We can afford it. Health care costs have been increasing faster than the overall inflation rate. But we’re older and the treatments have got slicker and more expensive. We still want them for our family members.
And health care remains a bargain. In 1995, health costs consumed about 6.6 of provincial GDP. Last year - 13 years on - it was seven per cent. There are cost pressures that have to be addressed in the coming years, but no crisis.
But, for whatever reasons, the government has decided that it’s time to go backwards on health care for British Columbians.
Footnote: The NDP challenged the timing of the announcement, accusing the Liberals of hiding the cuts until after the provincial election.
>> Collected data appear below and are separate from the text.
(* Assume Assumptions 1, 2, 3 (stated in the context). For any fixed $\epsilon_5>0$, if Line-Search (Algorithm 3, described in the context), called with input point $\theta$, makes infinitely many calls to subdivision, then either $\hat{\mathcal{P}}(\epsilon_5)$ (evaluated at $\theta$) is unbounded or $\theta$ is unsafe.
   Context: Problem: for $\theta$ and $t\in[0,T]$, body $i$ occupies $b_i(t,\theta)\subset\mathbb{R}^3$, obstacles occupy $o$; $\text{dist}$ is the shortest Euclidean distance between sets; $d_0\ge0$; $\mathcal{O}(\theta)$ twice differentiable cost. Assumption 1: finite decompositions $b_i=\bigcup_j b_{ij}$, $o=\bigcup_k o_k$ with each $(t,\theta)\mapsto\text{dist}(b_{ij}(t,\theta),o_k)$ sufficiently smooth. Assumption 2: the feasible domain of $t,\theta$ is bounded. Assumption 3: $\mathcal{P}$ sufficiently smooth, monotonically decreasing on $(0,\infty)$, $\lim_{x\to0}\mathcal{P}=\infty$, $\lim_{x\to\infty}\mathcal{P}=0$, $\lim_{x\to0}x\mathcal{P}(x)=\infty$. $L_1$: a constant with $|\text{dist}(b_{ij}(t_1,\theta),o_k)-\text{dist}(b_{ij}(t_2,\theta),o_k)|\le L_1|t_1-t_2|$ for all arguments. $\mathcal{P}_{ijk}(t,\theta)=\mathcal{P}(\text{dist}(b_{ij}(t,\theta),o_k)-d_0)$; per triple a finite partition of $[0,T]$ into intervals $[T_0^l,T_1^l]$; subdividing $(i,j,k,l)$ replaces the interval by its two halves; $\mathcal{P}_{ijkl}(\theta)=\mathcal{P}_{ijk}((T_0^l+T_1^l)/2,\theta)$; $\mathcal{E}=\mathcal{O}+\mu\sum_{ijkl}(T_1^l-T_0^l)\mathcal{P}_{ijkl}$, $\mu>0$. The hybrid penalty $\hat{\mathcal{P}}(\epsilon_5)$ is $\sum_{ijkl}$ of $(T_1^l-T_0^l)\mathcal{P}_{ijkl}$ over intervals with $T_1^l-T_0^l\ge\epsilon_5$ and of $\int_{T_0^l}^{T_1^l}\mathcal{P}_{ijk}(t,\theta)dt$ over intervals with $T_1^l-T_0^l<\epsilon_5$. Directions $d^{(1)}=-\nabla_\theta\mathcal{E}$ or $d^{(2)}=\mathcal{M}(\nabla^2_\theta\mathcal{E})^{-1}d^{(1)}$ with $\underline\beta I\preceq\mathcal{M}(H)\preceq\bar\beta I$. Wolfe: $\mathcal{E}(\theta+d\alpha)\le\mathcal{E}(\theta)+c\langle d\alpha,\nabla\mathcal{E}\rangle$, $c\in(0,1)$. Safety check at $\theta$: $\psi(x)=L_1x/2+L_2x^\eta$ ($L_2,\eta>0$); return a tuple $(i,j,k,l)$ with $\text{dist}(b_{ij}((T_0^l+T_1^l)/2,\theta),o_k)\le d_0+\psi(T_1^l-T_0^l)$ if one exists, else None ($\theta$ safe; otherwise unsafe). Line-Search$(\theta,d,\epsilon_\alpha)$ ($\alpha_0>0,\gamma\in(0,1)$): $\alpha=\alpha_0$; while $\theta+d\alpha$ fails the safety check or Wolfe: if the check returned $(i,j,k,l)$, then if $\alpha\le\epsilon_\alpha$: $\epsilon_\alpha\leftarrow\gamma\epsilon_\alpha$, subdivide $(i,j,k,l)$, re-evaluate $\mathcal{E}$, recompute $d$; else $\alpha\leftarrow\gamma\alpha$; if only Wolfe fails, $\alpha\leftarrow\gamma\alpha$. Return $\alpha,\epsilon_\alpha$. *)

theory Defs
  imports "HOL-Analysis.Analysis" "HOL-Library.Infinite_Set"
begin

definition twice_diff :: "('a::real_normed_vector \<Rightarrow> real) \<Rightarrow> bool" where
  "twice_diff f \<longleftrightarrow> (\<exists>f' f''.
     (\<forall>x. (f has_derivative blinfun_apply (f' x)) (at x)) \<and>
     (\<forall>x. (f' has_derivative blinfun_apply (f'' x)) (at x)))"

definition C2 :: "('a::real_normed_vector \<Rightarrow> real) \<Rightarrow> bool" where
  "C2 f \<longleftrightarrow> (\<exists>f' f''.
     (\<forall>x. (f has_derivative blinfun_apply (f' x)) (at x)) \<and>
     (\<forall>x. (f' has_derivative blinfun_apply (f'' x)) (at x)) \<and>
     continuous_on UNIV f'')"

definition C2_pos :: "(real \<Rightarrow> real) \<Rightarrow> bool" where
  "C2_pos P \<longleftrightarrow> (\<exists>P' P''.
     (\<forall>x>0. (P has_real_derivative P' x) (at x)) \<and>
     (\<forall>x>0. (P' has_real_derivative P'' x) (at x)) \<and>
     continuous_on {0<..} P'')"

definition grad :: "(real^'n::finite \<Rightarrow> real) \<Rightarrow> real^'n \<Rightarrow> real^'n" where
  "grad f x = (SOME g. GDERIV f x :> g)"

definition hess :: "(real^'n::finite \<Rightarrow> real) \<Rightarrow> real^'n \<Rightarrow> real^'n^'n" where
  "hess f x = (SOME H. (grad f has_derivative (\<lambda>h. H *v h)) (at x))"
The delay – whatever the cause – results in deeper cuts as savings must be found in the remaining months of the fiscal year.

7 comments:

Anonymous said...

The raising of the MSP premiums is an excellent suggestion. Too bad the government didn’t think of it first; as they are always too stubborn to admit when anyone else has a good idea. Mind you Dix would be screaming blue bloody murder if they raised MSP premiums a dime….then again he screams daily regardless anyways. I am with Paul on this one; $12 a month ($ 144 a year) works out to the same as my monthly satellite TV bill; not including any pay per view programming.

Maybe we can start a raise the MSP Premiums movement instead. Good idea here !

DPL said...

THis government has no limit to what they throw at the big circus but can't afford to put extra money into health care. Over the years the percentage went from just over 6 percent to seven. The world will not end anyday soon, even though the Liberals keep telling us it's out of control

RossK said...

Not too put too fine a point on it (because I do agree that there are much bigger longterm issues playing out here), but....

"....The health authorities - more than three months into the fiscal year - have been told to make $360 million in spending cuts.....

$360 million?

Hmmmmm.....isn't that at least $5, give or take, less than this vitally important project?


.

Anonymous said...

Not bad as we had this huge jump in premiums once when ripping up
contracts , however everyone else in Canada does not pay premiums. What did we get for this treatment , why the closing of our local hospital , less service and more crap. And maybe if we're desperate or unlucky we get to visit the home of dificile c . Nanaimo hospital. where those responsible for the horrible cleaning job were rewarded instead of castigated.Too many broken promises and a terrible job of reporters asking questions. Its all the bloggers fault according to the boys on Edge of the ledge. No scandal here its all great.

Anonymous said...

A cynic might suggest that this is all bargaining posturing by the BC Liberals as they head into the 2010 negotiating season - greedy unions need to know that there is no dough.

Anonymous said...

Campbell's cuts to health budgets result in longer waits for surgeries and MRI's, not good news for most of us but great business for the private for profit clinics which Falcon endorses....If you can afford it!

Anonymous said...

An interesting read (from 1963) on health care. "Uncertainty and Welfare Economics of Medical Care", by Kenneth J. Arrow -- link [.PDF]

2008 Nobel Prize in Economics winner Paul Krugman calls it "one of the most influential economic papers of the postwar era."